WHAT YOU NEED TO DO:
Begin at the line containing "p_ell0 :: real" in the data below and go on through the line containing "ds 0 = f, every", repeating each line exactly; include both ends and no other line.

THE DATA:
(* Let $\rho,A,E,I,\ell,I_1,I_2,I_3,\varkappa>0$, $\ell_0\ge 0$, $\omega_0\in\mathbb{R}$, and let $\nu_1,\nu_2,\nu_3>0$ be constant gains. Consider the abstract closed-loop system $\dot{\boldsymbol\xi}(t)=F\boldsymbol\xi(t)$ on the Hilbert space $X$ with the nonlinear operator $F:D(F)\to X$ described in the context, and assume (Assumption A1) that the Cauchy problem $\dot{\boldsymbol\xi}=F\boldsymbol\xi$, $\boldsymbol\xi(0)=\boldsymbol\xi_0$, is well-posed on $[0,+\infty)$. Then the equilibrium $$\hat{\boldsymbol\xi}=(0,0,\;0,0,\;-\omega_0,0,0,\;0,0,0,1)^T\in X$$ is stable with respect to the functional $$y(\boldsymbol\xi)=\|w_1\|_{H^2(0,\ell)}+\|w_2\|_{H^2(0,\ell)}+\|v_1\|_{L^2(0,\ell)}+\|v_2\|_{L^2(0,\ell)},$$ that is: for every $\varepsilon>0$ there exists $\delta(\varepsilon)>0$ such that every solution $\boldsymbol\xi(\cdot)$ of $\dot{\boldsymbol\xi}=F\boldsymbol\xi$ on $[0,\infty)$ with $\|\boldsymbol\xi(0)-\hat{\boldsymbol\xi}\|_X<\delta(\varepsilon)$ satisfies $y(\boldsymbol\xi(t))<\varepsilon$ for all $t\ge0$.
   Context: State space: $X$ is the real Hilbert space of tuples $\boldsymbol\xi=(w_1,v_1,w_2,v_2,\omega_1,\omega_2,\omega_3,q_1,q_2,q_3,q_4)^T$ with $w_1,w_2\in H^2(0,\ell)$, $v_1,v_2\in L^2(0,\ell)$, $\omega_i,q_j\in\mathbb{R}$, and $w_1(0)=w_2(0)=0$, $w_1'(0)=w_2'(0)=0$ (prime = derivative in $\zeta\in[0,\ell]$), with inner product $$\langle\boldsymbol\xi,\bar{\boldsymbol\xi}\rangle_X=\int_0^\ell\Big(\rho A(v_1\bar v_1+v_2\bar v_2)+EI(w_1''\bar w_1''+w_2''\bar w_2'')\Big)d\zeta+\sum_{i=1}^3 I_i\omega_i\bar\omega_i+\varkappa\sum_{j=1}^4 q_j\bar q_j.$$ Functionals: $\gamma_1(v_2)=\int_0^\ell(\zeta+\ell_0)v_2\,d\zeta$, $\gamma_2(v_1)=-\int_0^\ell(\zeta+\ell_0)v_1\,d\zeta$, $\gamma_3(w_1,w_2,v_1,v_2)=\int_0^\ell(w_2v_1-w_1v_2)\,d\zeta$. Domain: $D(F)=\{\boldsymbol\xi\in X: w_j\in H^4(0,\ell),\ w_j(0)=w_j'(0)=0,\ w_j''(\ell)=w_j'''(\ell)=0,\ v_j\in H^2(0,\ell),\ v_j(0)=v_j'(0)=0,\ j=1,2\}$. Operator: $F\boldsymbol\xi$ has components, in order, $v_1$; $-\frac{EI}{\rho A}w_1^{(4)}+2\omega_3v_2+\nu_2(\zeta+\ell_0)\gamma_2(v_1)-\nu_3w_2\gamma_3$; $v_2$; $-\frac{EI}{\rho A}w_2^{(4)}-2\omega_3v_1-\nu_1(\zeta+\ell_0)\gamma_1(v_2)+\nu_3w_1\gamma_3$; $\omega_2\omega_3-\nu_1\gamma_1(v_2)$; $-\omega_1\omega_3-\nu_2\gamma_2(v_1)$; $-\nu_3\gamma_3$; $\tfrac12(\omega_3q_2-\omega_2q_3+(\omega_1+\omega_0)q_4)$; $\tfrac12((\omega_1-\omega_0)q_3-\omega_3q_1+\omega_2q_4)$; $\tfrac12(\omega_2q_1-(\omega_1-\omega_0)q_2+\omega_3q_4)$; $-\tfrac12(q_1(\omega_1+\omega_0)+q_2\omega_2+q_3\omega_3)$, where $\gamma_3=\gamma_3(w_1,w_2,v_1,v_2)$ and $w^{(4)}$ is the fourth $\zeta$-derivative. A solution on $[0,\infty)$ means a continuously differentiable map $\boldsymbol\xi:[0,\infty)\to X$ with $\boldsymbol\xi(t)\in D(F)$ and $\dot{\boldsymbol\xi}(t)=F\boldsymbol\xi(t)$ for all $t\ge0$; well-posedness (Assumption A1) means that for each initial datum $\boldsymbol\xi_0$ the Cauchy problem has a unique such solution defined on all of $[0,\infty)$. (This system models a satellite with rigid carrier of principal moments $I_1,I_2,I_3$, orbital rate $\omega_0$, and an Euler–Bernoulli cantilever boom of length $\ell$ attached at distance $\ell_0$, under the feedback control of the paper.) *)

theory Defs
  imports "HOL-Analysis.Analysis"
begin

record params =
  p_rho :: real
  p_A :: real
  p_E :: real
  p_I :: real
  p_ell :: real
  p_ell0 :: real
  p_I1 :: real
  p_I2 :: real
  p_I3 :: real
  p_kappa :: real
  p_om0 :: real
  p_nu1 :: real
  p_nu2 :: real
  p_nu3 :: real

definition L2 :: "real \<Rightarrow> (real \<Rightarrow> real) \<Rightarrow> bool" where
  "L2 l f \<longleftrightarrow> f measurable_on {0..l} \<and> (\<lambda>x. (f x)^2) integrable_on {0..l}"

text \<open>ds is a chain of Sobolev derivatives of order k of f on [0,l]:
  ds 0 = f, every ds j (j<k) is the indefinite integral of ds (j+1) on [0,l]
  (hence absolutely continuous), and all ds j (j \<le> k) are in L2.\<close>
definition sobolev_derivs :: "real \<Rightarrow> nat \<Rightarrow> (real \<Rightarrow> real) \<Rightarrow> (nat \<Rightarrow> real \<Rightarrow> real) \<Rightarrow> bool" where
  "sobolev_derivs l k f ds \<longleftrightarrow> ds 0 = f \<and> (\<forall>j\<le>k. L2 l (ds j)) \<and>
     (\<forall>j<k. \<forall>x\<in>{0..l}. ds j x = ds j 0 + integral {0..x} (ds (Suc j)))"

text \<open>f belongs to H^k(0,l) (f being its continuous representative).\<close>
definition in_H :: "nat \<Rightarrow> real \<Rightarrow> (real \<Rightarrow> real) \<Rightarrow> bool" where
  "in_H k l f \<longleftrightarrow> (\<exists>ds. sobolev_derivs l k f ds)"

text \<open>The j-th (weak) derivative of an H^k function: unique pointwise on [0,l] for j<k,
  unique almost everywhere for j = k.\<close>
definition sd :: "real \<Rightarrow> nat \<Rightarrow> (real \<Rightarrow> real) \<Rightarrow> nat \<Rightarrow> real \<Rightarrow> real" where
  "sd l k f = (SOME ds. sobolev_derivs l k f ds)"

definition L2_norm :: "real \<Rightarrow> (real \<Rightarrow> real) \<Rightarrow> real" where
  "L2_norm l f = sqrt (integral {0..l} (\<lambda>x. (f x)^2))"

definition H2_norm :: "real \<Rightarrow> (real \<Rightarrow> real) \<Rightarrow> real" where
  "H2_norm l f = sqrt (integral {0..l} (\<lambda>x. (f x)^2 + (sd l 2 f 1 x)^2 + (sd l 2 f 2 x)^2))"

record state =
  w1 :: "real \<Rightarrow> real"
  v1 :: "real \<Rightarrow> real"
  w2 :: "real \<Rightarrow> real"
  v2 :: "real \<Rightarrow> real"
  om1 :: real
  om2 :: real
  om3 :: real
  q1 :: real
  q2 :: real
  q3 :: real
  q4 :: real

definition st_diff :: "state \<Rightarrow> state \<Rightarrow> state" where
  "st_diff a b = \<lparr> w1 = (\<lambda>z. w1 a z - w1 b z), v1 = (\<lambda>z. v1 a z - v1 b z),
     w2 = (\<lambda>z. w2 a z - w2 b z), v2 = (\<lambda>z. v2 a z - v2 b z),
     om1 = om1 a - om1 b, om2 = om2 a - om2 b, om3 = om3 a - om3 b,
     q1 = q1 a - q1 b, q2 = q2 a - q2 b, q3 = q3 a - q3 b, q4 = q4 a - q4 b \<rparr>"

definition st_scale :: "real \<Rightarrow> state \<Rightarrow> state" where
  "st_scale c a = \<lparr> w1 = (\<lambda>z. c * w1 a z), v1 = (\<lambda>z. c * v1 a z),
     w2 = (\<lambda>z. c * w2 a z), v2 = (\<lambda>z. c * v2 a z),
     om1 = c * om1 a, om2 = c * om2 a, om3 = c * om3 a,
     q1 = c * q1 a, q2 = c * q2 a, q3 = c * q3 a, q4 = c * q4 a \<rparr>"

definition in_X :: "params \<Rightarrow> state \<Rightarrow> bool" where
  "in_X P s \<longleftrightarrow> (let l = p_ell P in
     in_H 2 l (w1 s) \<and> in_H 2 l (w2 s) \<and> L2 l (v1 s) \<and> L2 l (v2 s) \<and>
     w1 s 0 = 0 \<and> w2 s 0 = 0 \<and> sd l 2 (w1 s) 1 0 = 0 \<and> sd l 2 (w2 s) 1 0 = 0)"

TASK RESPONSE:
  p_ell0 :: real
  p_I1 :: real
  p_I2 :: real
  p_I3 :: real
  p_kappa :: real
  p_om0 :: real
  p_nu1 :: real
  p_nu2 :: real
  p_nu3 :: real

definition L2 :: "real \<Rightarrow> (real \<Rightarrow> real) \<Rightarrow> bool" where
  "L2 l f \<longleftrightarrow> f measurable_on {0..l} \<and> (\<lambda>x. (f x)^2) integrable_on {0..l}"

text \<open>ds is a chain of Sobolev derivatives of order k of f on [0,l]:
  ds 0 = f, every ds j (j<k) is the indefinite integral of ds (j+1) on [0,l]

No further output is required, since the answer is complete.